BookmarkSubscribeRSS Feed
robeldritch
Obsidian | Level 7

Hi folks,

 

I am attempting to read an xlsx file into SAS without SAS doing anything to modify the the variable types or the characters as they appear when viewing the xlsx file in Excel. In other words, if something looks like a date, regardless of how it's stored in the xlsx file (e.g., "11/25/2023"), it'll show up in sas as a character variable as that same value (e.g., "11/25/2023"). In other words, I'd like to replicate what the Import Data wizard in SAS does when it just defines all fields as character, as in the following attributes for one particular column, for example:

 

type=String

Source Informat=$CHAR29

Len.=29

Output Format=$CHAR29.

Output Informat=$CHAR29.

 

The code automatically generated from the Import Data wizard when I do this contains the DATALINES4 statement, which I can't use because I can't just fill all of these in, as I'm trying to load the data in without having to look at the contents. I'd be fine, though, if I can define the variable types/lengths/formats/etc., as I know what the variables are and what they'll be named.

 

How do I do this without having to fill in the DATALINES4 content?

 

I need to be able to specify the sheet within the Excel workbook in question as well.

 

Thanks!

 

 

16 REPLIES 16
ballardw
Super User

Proc Import file="<path>\your excel file.xlsx" out=yourdatasetname

     dbms=Excel replace;

     mixed=yes;

run;

 

Maybe.

The documentation states (emphasis added):

MIXED=YES | NO

assigns a SAS character type for the column and converts all numeric data values to character data values when mixed data types are found.

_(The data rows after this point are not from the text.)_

lemma mgf_deriv_lower:
  assumes p: "0 \<le> p" "p \<le> 1" and \<mu>: "\<mu> = real n * (1 - p) ^ (n - 1)"
    and "\<theta> \<le> 0" "0 < \<sigma>"
  shows "2 * \<mu> * \<theta> / \<sigma>\<^sup>2 * mgf n p \<mu> \<sigma> \<theta> \<le> mgf_deriv n p \<mu> \<sigma> \<theta>"
proof -
  let ?E = "measure_pmf.expectation (er_graph n p)"
  have "2 * real n * (\<theta> / \<sigma>) * mgf n p \<mu> \<sigma> \<theta>
      = ?E (\<lambda>X. 2 * real n * (\<theta> / \<sigma>) * tilt n \<mu> \<sigma> \<theta> X)"
    unfolding mgf_def by simp
  also have "\<dots> \<le> ?E (\<lambda>X. \<Sum>v\<in>{1..n}. tilt n \<mu> \<sigma> \<theta> (isolate v X) - tilt n \<mu> \<sigma> \<theta> X)"
    by (intro integral_mono integrable_er_graph sum_tilt_increment_lower assms(4,5))
  also have "\<dots> = (\<Sum>v\<in>{1..n}. ?E (\<lambda>X. tilt n \<mu> \<sigma> \<theta> (isolate v X) - tilt n \<mu> \<sigma> \<theta> X))"
    by (rule Bochner_Integration.integral_sum[OF integrable_er_graph])
  finally have "(1 - p) ^ (n - 1) / \<sigma> * (2 * real n * (\<theta> / \<sigma>) * mgf n p \<mu> \<sigma> \<theta>)
      \<le> mgf_deriv n p \<mu> \<sigma> \<theta>"
    unfolding mgf_deriv_eq[OF p \<mu>] using p \<open>0 < \<sigma>\<close> by (intro mult_left_mono) auto
  then show ?thesis by (simp add: \<mu> power2_eq_square mult_ac)
qed

text \<open>For \<open>t \<ge> 0\<close>, the trapezoidal rule overestimates \<open>exp t - 1 = \<integral>\<^sub>0\<^sup>t exp\<close> since
  \<open>exp\<close> is convex.\<close>
lemma exp_minus_one_le_trapezoid:
  fixes t :: real
  assumes "0 \<le> t"
  shows "exp t - 1 \<le> t * (exp t + 1) / 2"
proof -
  define k where "k x = x * (exp x + 1) / 2 - exp x + 1" for x :: real
  have k': "(k has_real_derivative (1 - exp x * (1 - x)) / 2) (at x)" for x
    unfolding k_def by (auto intro!: derivative_eq_intros simp: algebra_simps)
  have "exp x * (1 - x) \<le> exp x * exp (- x)" for x :: real
    using exp_ge_add_one_self[of "- x"] by (intro mult_left_mono) auto
  then have k'_nonneg: "0 \<le> (1 - exp x * (1 - x)) / 2" for x :: real
    by (simp add: exp_minus field_simps)
  have "k 0 \<le> k t"
  proof (rule DERIV_nonneg_imp_increasing_open[OF assms])
    show "\<exists>y. (k has_real_derivative y) (at x) \<and> 0 \<le> y" for x
      using k' k'_nonneg by blast
    show "continuous_on {0..t} k" unfolding k_def by (intro continuous_intros) auto
  qed
  then show ?thesis unfolding k_def by simp
qed

text \<open>Upper bound for \<open>\<theta> \<ge> 0\<close>: the number of new isolated vertices is at most \<open>1 + d\<close>, with
  \<open>d\<close> the degree of \<open>v\<close>; the resulting bound is increasing in the graph while the tilt is
  decreasing, so Harris' inequality separates their expectations.\<close>
lemma tilt_increment_upper:
  assumes "0 \<le> \<theta>" "0 < \<sigma>"
  shows "tilt n \<mu> \<sigma> \<theta> (isolate v X) - tilt n \<mu> \<sigma> \<theta> X \<le> \<theta> / \<sigma> / 2 *
     (((1 + real (vertex_degree n X v)) * exp (\<theta> / \<sigma> * (1 + real (vertex_degree n X v)))
       + (1 + real (vertex_degree n X v))) * tilt n \<mu> \<sigma> \<theta> X)"
proof -
  define a where "a = \<theta> / \<sigma>"
  define D where "D = new_isolated n X v"
  define d where "d = 1 + real (vertex_degree n X v)"
  have a: "0 \<le> a" unfolding a_def using assms by simp
  have D: "0 \<le> D" "D \<le> d" unfolding D_def d_def using new_isolated_bounds by auto
  have t: "0 < tilt n \<mu> \<sigma> \<theta> X" by (rule tilt_pos)
  have "tilt n \<mu> \<sigma> \<theta> (isolate v X) - tilt n \<mu> \<sigma> \<theta> X = tilt n \<mu> \<sigma> \<theta> X * (exp (a * D) - 1)"
    unfolding tilt_isolate a_def D_def by (simp add: algebra_simps)
  also have "\<dots> \<le> tilt n \<mu> \<sigma> \<theta> X * ((a * D) * (exp (a * D) + 1) / 2)"
    using exp_minus_one_le_trapezoid[of "a * D"] a D t by (intro mult_left_mono) auto
  also have "\<dots> \<le> tilt n \<mu> \<sigma> \<theta> X * ((a * d) * (exp (a * d) + 1) / 2)"
  proof -
    have "0 \<le> a * D" "a * D \<le> a * d" using a D by (auto intro: mult_left_mono)
    then show ?thesis
      using t a D by (intro mult_left_mono divide_right_mono mult_mono add_right_mono) simp_all
  qed
  also have "\<dots> = a / 2 * ((d * exp (a * d) + d) * tilt n \<mu> \<sigma> \<theta> X)" by (simp add: algebra_simps)
  finally show ?thesis unfolding a_def d_def .
qed

lemma expectation_tilt_increment_upper:
  assumes v: "v \<in> {1..n}" and n: "n \<ge> 2" and p: "0 \<le> p" "p \<le> 1"
    and \<theta>: "0 \<le> \<theta>" and \<sigma>: "0 < \<sigma>"
  shows "measure_pmf.expectation (er_graph n p)
           (\<lambda>X. tilt n \<mu> \<sigma> \<theta> (isolate v X) - tilt n \<mu> \<sigma> \<theta> X)
       \<le> \<theta> / \<sigma> / 2 * degree_moment n p (\<theta> / \<sigma>) * mgf n p \<mu> \<sigma> \<theta>"
proof -
  let ?E = "measure_pmf.expectation (er_graph n p)"
  define h where "h X = (1 + real (vertex_degree n X v)) * exp (\<theta> / \<sigma> * (1 + real (vertex_degree n X v)))
                        + (1 + real (vertex_degree n X v))" for X
  have "mono h"
  proof (rule monoI)
    fix X X' :: "nat \<times> nat \<Rightarrow> bool"
    assume "X \<le> X'"
    then have d: "1 + real (vertex_degree n X v) \<le> 1 + real (vertex_degree n X' v)"
      using vertex_degree_mono by simp
    have "\<theta> / \<sigma> * (1 + real (vertex_degree n X v)) \<le> \<theta> / \<sigma> * (1 + real (vertex_degree n X' v))"
      using d \<theta> \<sigma> by (intro mult_left_mono) auto
    then have "exp (\<theta> / \<sigma> * (1 + real (vertex_degree n X v)))
        \<le> exp (\<theta> / \<sigma> * (1 + real (vertex_degree n X' v)))"
      by simp
    then show "h X \<le> h X'"
      unfolding h_def using d by (intro add_mono mult_mono) auto
  qed
  then have harris: "?E (\<lambda>X. h X * tilt n \<mu> \<sigma> \<theta> X) \<le> ?E h * mgf n p \<mu> \<sigma> \<theta>"
    unfolding mgf_def er_graph_def
    by (rule harris_inequality[OF finite_er_pairs p _ tilt_antimono[OF \<theta> \<sigma>]])
  have "?E (\<lambda>X. tilt n \<mu> \<sigma> \<theta> (isolate v X) - tilt n \<mu> \<sigma> \<theta> X)
      \<le> ?E (\<lambda>X. \<theta> / \<sigma> / 2 * (h X * tilt n \<mu> \<sigma> \<theta> X))"
    using tilt_increment_upper[OF \<theta> \<sigma>] unfolding h_def by (intro integral_mono integrable_er_graph)
  also have "\<dots> = \<theta> / \<sigma> / 2 * ?E (\<lambda>X. h X * tilt n \<mu> \<sigma> \<theta> X)"
    by simp
  also have "\<dots> \<le> \<theta> / \<sigma> / 2 * (?E h * mgf n p \<mu> \<sigma> \<theta>)"
    using harris \<theta> \<sigma> by (intro mult_left_mono) auto
  also have "?E h = degree_moment n p (\<theta> / \<sigma>)"
    unfolding h_def by (rule expectation_degree_moment[OF v n p])
  finally show ?thesis by (simp add: mult_ac)
qed

lemma mgf_deriv_upper:
  assumes n: "n \<ge> 2" and p: "0 \<le> p" "p \<le> 1" and \<mu>: "\<mu> = real n * (1 - p) ^ (n - 1)"
    and \<theta>: "0 \<le> \<theta>" and \<sigma>: "0 < \<sigma>"
  shows "mgf_deriv n p \<mu> \<sigma> \<theta>
       \<le> \<mu> / (2 * \<sigma>\<^sup>2) * (\<theta> * degree_moment n p (\<theta> / \<sigma>)) * mgf n p \<mu> \<sigma> \<theta>"
proof -
  have "mgf_deriv n p \<mu> \<sigma> \<theta> \<le> (1 - p) ^ (n - 1) / \<sigma> *
      (\<Sum>v\<in>{1..n}. \<theta> / \<sigma> / 2 * degree_moment n p (\<theta> / \<sigma>) * mgf n p \<mu> \<sigma> \<theta>)"
    unfolding mgf_deriv_eq[OF p \<mu>] using p \<sigma>
    by (intro mult_left_mono sum_mono expectation_tilt_increment_upper[OF _ n p \<theta> \<sigma>]) auto
  then show ?thesis by (simp add: \<mu> power2_eq_square mult_ac)
qed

YES specifies that the connection is set to import mode and updates are not allowed. The XLSX and XLS formats assume MIXED=YES.
Note: Due to how the Microsoft ACE driver and the Microsoft Jet Excel driver work, using MIXED=YES could result in improper text variable lengths.
NO assigns numeric or character type for the column, depending on the majority of the type data that is found.

 

 

robeldritch
Obsidian | Level 7

Hi ballardw--thanks for the response. Unfortunately, this didn't end up working for me, as it still brought in some fields as numbers (namely, the date fields I described in my original post, which of course were read in as number of days since whatever date, as well as other fields). That said, I found a really roundabout solution that I'll post below...

Kurt_Bremser
Super User

The import wizard uses two stages: first, it converts the Excel spreadsheet to text on the client side, and then makes this text part of the code.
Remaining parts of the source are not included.